11/13/2020
Out of the Rubble: Doctors Strikes and State Repression in Guatemala’s Cold War
Rounduptags: Cold War, Guatemala, Central America, coups, Latin American history
Ilan Palacios Avineri is a PhD student in the Department of History at the University of Texas at Austin.
Medical professionals are often viewed as apolitical, but what happens when they come to challenge a government? On February 4th, 1976, a cataclysmic earthquake brought an embattled Guatemala to its knees. Amidst a raging civil war, the terremoto (earthquake) razed countless houses and killed roughly 21,000 people in just 39 seconds. Thousands more emerged from the rubble with serious injuries and over a million, disproportionately Mayas from rural regions, were left homeless.
As Kjell Laugerud García’s right-wing regime scrambled to rebuild critical infrastructure, the country’s crippled hospitals became inundated with a flood of patients. In the crisis’s aftermath, doctors and nurses grew increasingly embittered by the abysmal state of public hospitals and began to agitate for more rights.

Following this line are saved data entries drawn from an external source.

lemma Mult_bound_nonneg:
  assumes "normed_fun_space X F N" "v \<in> Mult F N"
  obtains C where "0 \<le> C" "\<forall>f\<in>F. N (\<lambda>x. v x * f x) \<le> C * N f"
proof -
  obtain C where C: "\<forall>f\<in>F. N (\<lambda>x. v x * f x) \<le> C * N f"
    using assms(2) unfolding Mult_def by blast
  have "\<forall>f\<in>F. N (\<lambda>x. v x * f x) \<le> max C 0 * N f"
    using C normed_fun_spaceD(4)[OF assms(1)] by (metis max.cobounded1 mult_right_mono order_trans)
  then show ?thesis by (rule that[rotated]) simp
qed

lemma mult_norm_nonneg:
  assumes "normed_fun_space X F N" "v \<in> Mult F N"
  shows "0 \<le> mult_norm F N v"
proof -
  obtain C where "0 \<le> C" "\<forall>f\<in>F. N (\<lambda>x. v x * f x) \<le> C * N f"
    using Mult_bound_nonneg[OF assms] .
  then show ?thesis unfolding mult_norm_def by (intro cInf_greatest) auto
qed

lemma mult_norm_bound:
  assumes nfs: "normed_fun_space X F N" and v: "v \<in> Mult F N" and g: "g \<in> F"
  shows "N (\<lambda>x. v x * g x) \<le> mult_norm F N v * N g"
proof (cases "N g = 0")
  case True
  then have "g = (\<lambda>x. 0)" using normed_fun_spaceD(5)[OF nfs g] by simp
  then show ?thesis using normed_fun_spaceD(5)[OF nfs normed_fun_spaceD(2)[OF nfs]] by simp
next
  case False
  then have pos: "N g > 0" using normed_fun_spaceD(4)[OF nfs g] by simp
  obtain C where "0 \<le> C" "\<forall>f\<in>F. N (\<lambda>x. v x * f x) \<le> C * N f"
    using Mult_bound_nonneg[OF nfs v] .
  then have "N (\<lambda>x. v x * g x) / N g \<le> mult_norm F N v"
    unfolding mult_norm_def using g pos by (intro cInf_greatest) (auto simp: pos_divide_le_eq)
  then show ?thesis using pos by (simp add: pos_divide_le_eq)
qed

lemma Mult_mult_norm_leI:
  assumes "\<forall>h\<in>F. (\<lambda>x. v x * h x) \<in> F \<and> N (\<lambda>x. v x * h x) \<le> K * N h" "0 \<le> K"
  shows "v \<in> Mult F N \<and> mult_norm F N v \<le> K"
proof
  show "v \<in> Mult F N" using assms(1) unfolding Mult_def by blast
  show "mult_norm F N v \<le> K"
    unfolding mult_norm_def using assms by (intro cInf_lower bdd_belowI[of _ 0]) auto
qed

lemma Mult_cong_on:
  assumes "normed_fun_space X F N" "\<forall>x\<in>X. u x = v x"
  shows "u \<in> Mult F N \<longleftrightarrow> v \<in> Mult F N" "mult_norm F N u = mult_norm F N v"
proof -
  have "(\<lambda>x. u x * h x) = (\<lambda>x. v x * h x)" if "h \<in> F" for h
    using assms normed_fun_space_vanishes[OF assms(1) that] by fastforce
  then show "u \<in> Mult F N \<longleftrightarrow> v \<in> Mult F N" "mult_norm F N u = mult_norm F N v"
    unfolding Mult_def mult_norm_def by simp_all
qed

lemma Mult_cmult:
  assumes nfs: "normed_fun_space X F N" and v: "v \<in> Mult F N"
  shows "(\<lambda>x. c * v x) \<in> Mult F N \<and> mult_norm F N (\<lambda>x. c * v x) \<le> cmod c * mult_norm F N v"
proof (rule Mult_mult_norm_leI)
  show "\<forall>h\<in>F. (\<lambda>x. c * v x * h x) \<in> F \<and> N (\<lambda>x. c * v x * h x) \<le> cmod c * mult_norm F N v * N h"
  proof
    fix h assume h: "h \<in> F"
    have vh: "(\<lambda>x. v x * h x) \<in> F" using v h unfolding Mult_def by blast
    have "N (\<lambda>x. c * (v x * h x)) = cmod c * N (\<lambda>x. v x * h x)"
      using normed_fun_spaceD(6)[OF nfs vh] .
    also have "\<dots> \<le> cmod c * (mult_norm F N v * N h)"
      using mult_norm_bound[OF nfs v h] by (simp add: mult_left_mono)
    finally show "(\<lambda>x. c * v x * h x) \<in> F \<and> N (\<lambda>x. c * v x * h x) \<le> cmod c * mult_norm F N v * N h"
      using normed_fun_spaceD(3)[OF nfs vh, of c] by (simp add: mult.assoc)
  qed
  show "0 \<le> cmod c * mult_norm F N v" using mult_norm_nonneg[OF nfs v] by simp
qed

lemma closed_norm_ball:
  assumes nfs: "normed_fun_space X F N" and reg: "regular_fun_space F N" and r: "0 \<le> r"
  shows "closed {k\<in>F. N k \<le> r}"
proof -
  have closed_pos: "closed {k\<in>F. N k \<le> t}" if t: "0 < t" for t
  proof -
    define c where "c = complex_of_real (1 / t)"
    have c: "cmod c = 1 / t" "complex_of_real t * c = 1" using t by (auto simp: c_def norm_divide)
    let ?scale = "\<lambda>k x. c * k x"
    have ball_eq: "{k\<in>F. N k \<le> t} = ?scale -` {f \<in> F. N f \<le> 1}"
    proof (intro set_eqI iffI)
      fix k assume k: "k \<in> {k\<in>F. N k \<le> t}"
      then have "N (?scale k) \<le> 1"
        using normed_fun_spaceD(6)[OF nfs, of k c] c t by (simp add: divide_le_eq)
      then show "k \<in> ?scale -` {f \<in> F. N f \<le> 1}" using k normed_fun_spaceD(3)[OF nfs] by simp
    next
      fix k assume "k \<in> ?scale -` {f \<in> F. N f \<le> 1}"
      then have k: "?scale k \<in> F" "N (?scale k) \<le> 1" by auto
      have k_eq: "k = (\<lambda>x. complex_of_real t * ?scale k x)"
        using c(2) by (simp add: mult.assoc[symmetric])
      have "k \<in> F" by (subst k_eq) (rule normed_fun_spaceD(3)[OF nfs k(1)])
      moreover have "N k = t * N (?scale k)"
        by (subst k_eq, subst normed_fun_spaceD(6)[OF nfs k(1)]) (use t in simp)
      ultimately show "k \<in> {k\<in>F. N k \<le> t}" using k(2) t by (simp add: mult_le_cancel_left1)
    qed
    have "continuous_on UNIV ?scale"
      by (intro continuous_on_coordinatewise_then_product continuous_on_mult_left
          continuous_on_product_coordinates)
    then show ?thesis
      unfolding ball_eq using reg unfolding regular_fun_space_def by (rule closed_vimage[rotated])
  qed
  have "{k\<in>F. N k \<le> r} = (\<Inter>d\<in>{0<..}. {k\<in>F. N k \<le> r + d})"
    by (auto intro: field_le_epsilon) (meson greaterThan_iff zero_less_one)
  then show ?thesis using r by (auto intro!: closed_pos)
qed

lemma Mult_tendsto_pointwise:
  fixes v :: "'i \<Rightarrow> 'a \<Rightarrow> complex"
  assumes nfs: "normed_fun_space X F N" and reg: "regular_fun_space F N"
    and K: "0 \<le> K" and G: "G \<noteq> bot"
    and lim: "\<forall>x\<in>X. ((\<lambda>k. v k x) \<longlongrightarrow> u x) G"
    and bound: "eventually (\<lambda>k. v k \<in> Mult F N \<and> mult_norm F N (v k) \<le> K) G"
  shows "u \<in> Mult F N \<and> mult_norm F N u \<le> K"
proof (rule Mult_mult_norm_leI[OF _ K], intro ballI)
  fix h assume h: "h \<in> F"
  have "(\<lambda>x. u x * h x) \<in> {g\<in>F. N g \<le> K * N h}"
  proof (rule Lim_in_closed_set[OF closed_norm_ball[OF nfs reg] _ G])
    show "0 \<le> K * N h" using K normed_fun_spaceD(4)[OF nfs h] by simp
    show "eventually (\<lambda>k. (\<lambda>x. v k x * h x) \<in> {g\<in>F. N g \<le> K * N h}) G"
    proof (rule eventually_mono[OF bound], safe)
      fix k assume vk: "v k \<in> Mult F N" and vk_le: "mult_norm F N (v k) \<le> K"
      show "(\<lambda>x. v k x * h x) \<in> F" using vk h unfolding Mult_def by blast
      have "N (\<lambda>x. v k x * h x) \<le> mult_norm F N (v k) * N h"
        by (rule mult_norm_bound[OF nfs vk h])
      also have "\<dots> \<le> K * N h"
        using vk_le normed_fun_spaceD(4)[OF nfs h] by (rule mult_right_mono)
      finally show "N (\<lambda>x. v k x * h x) \<le> K * N h" .
    qed
    show "((\<lambda>k x. v k x * h x) \<longlongrightarrow> (\<lambda>x. u x * h x)) G"
    proof (rule tendsto_fun_pointwise)
      fix x
      show "((\<lambda>k. v k x * h x) \<longlongrightarrow> u x * h x) G"
        using lim normed_fun_space_vanishes[OF nfs h, of x]
        by (cases "x \<in> X") (auto intro: tendsto_mult_right)
    qed
  qed
  then show "(\<lambda>x. u x * h x) \<in> F \<and> N (\<lambda>x. u x * h x) \<le> K * N h" by simp
qed

lemma Mult_comp_closure:
  fixes w :: "'a \<Rightarrow> 'b"
  assumes nfs: "normed_fun_space X F N" and reg: "regular_fun_space F N" and K: "0 \<le> K"
    and S: "\<forall>q\<in>S. q \<circ> w \<in> Mult F N \<and> mult_norm F N (q \<circ> w) \<le> K"
    and g: "g \<in> closure S"
  shows "g \<circ> w \<in> Mult F N \<and> mult_norm F N (g \<circ> w) \<le> K"
proof (cases "g \<in> S")
  case False
  then have "g islimpt S" using g unfolding closure_def by blast
  show ?thesis
  proof (rule Mult_tendsto_pointwise[OF nfs reg K, where G = "at g within S" and v = "\<lambda>q. q \<circ> w"])
    show "at g within S \<noteq> bot" using \<open>g islimpt S\<close> trivial_limit_within by blast
    show "\<forall>x\<in>X. ((\<lambda>q. (q \<circ> w) x) \<longlongrightarrow> (g \<circ> w) x) (at g within S)"
    proof
      fix x
      have "((\<lambda>q. q (w x)) \<longlongrightarrow> g (w x)) (at g)"
        using continuous_on_product_coordinates[of "w x"] unfolding continuous_on_def by blast
      then show "((\<lambda>q. (q \<circ> w) x) \<longlongrightarrow> (g \<circ> w) x) (at g within S)"
        unfolding comp_def by (rule tendsto_within_subset[OF _ subset_UNIV])
    qed
    show "eventually (\<lambda>q. q \<circ> w \<in> Mult F N \<and> mult_norm F N (q \<circ> w) \<le> K) (at g within S)"
      using S by (auto simp: eventually_at_filter)
  qed
qed (use S in blast)

lemma sup_on_upper:
  assumes "bounded (g ` K)" "z \<in> K"
  shows "cmod (g z) \<le> sup_on K g"
proof -
  obtain B where "\<forall>x\<in>g ` K. norm x \<le> B" using assms(1) bounded_iff by blast
  then have "bdd_above ((\<lambda>z. cmod (g z)) ` K)" by (auto intro: bdd_aboveI2)
  then show ?thesis unfolding sup_on_def using assms(2) by (rule cSUP_upper2) simp
qed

In August of 1976, public health care workers in Amatitlán organized a strike to demand salary increases along with better working conditions. These putatively middle-class physicians also insisted that their fellow employees, previously dismissed by the Public Health Ministry, be immediately restored to their posts. Contemporary news reports revealed that the government feared the prospect of solidarity between these urban workers and their rural counterparts. Such a history showcases how natural disasters can spur the middle-class into activism and threaten the established order.
As the health workers’ strike stretched into its third week, Agencia EFE published a lengthy speech by President Laugerud García that called for an immediate end to the protests. The dictator excoriated his country’s health care workers not only for violating Guatemalan laws prohibiting public employees from striking, but for engaging in an “immoral” movement. Invoking the Hippocratic oath, he lambasted the doctors and nurses for abandoning their “obligation to look after the sick” following the quake. He then pitted middle-class physicians and nurses against the peasant class, arguing that “the poor are the ones who suffer the most…who have been deprived of medical attention.”
After shaming the hospital employees, the caudillo (leader) threatened violence similar to that being deployed against leftist guerrillas in the countryside. “I am responsible for the health of all 6 million Guatemalans…,” Laugerud declared emphatically, “and [I] will not hesitate to act as drastically as necessary.” Notably, such warnings were a deliberate response not only to the physicians, but to growing protests among others “not involved in the hospital dispute.”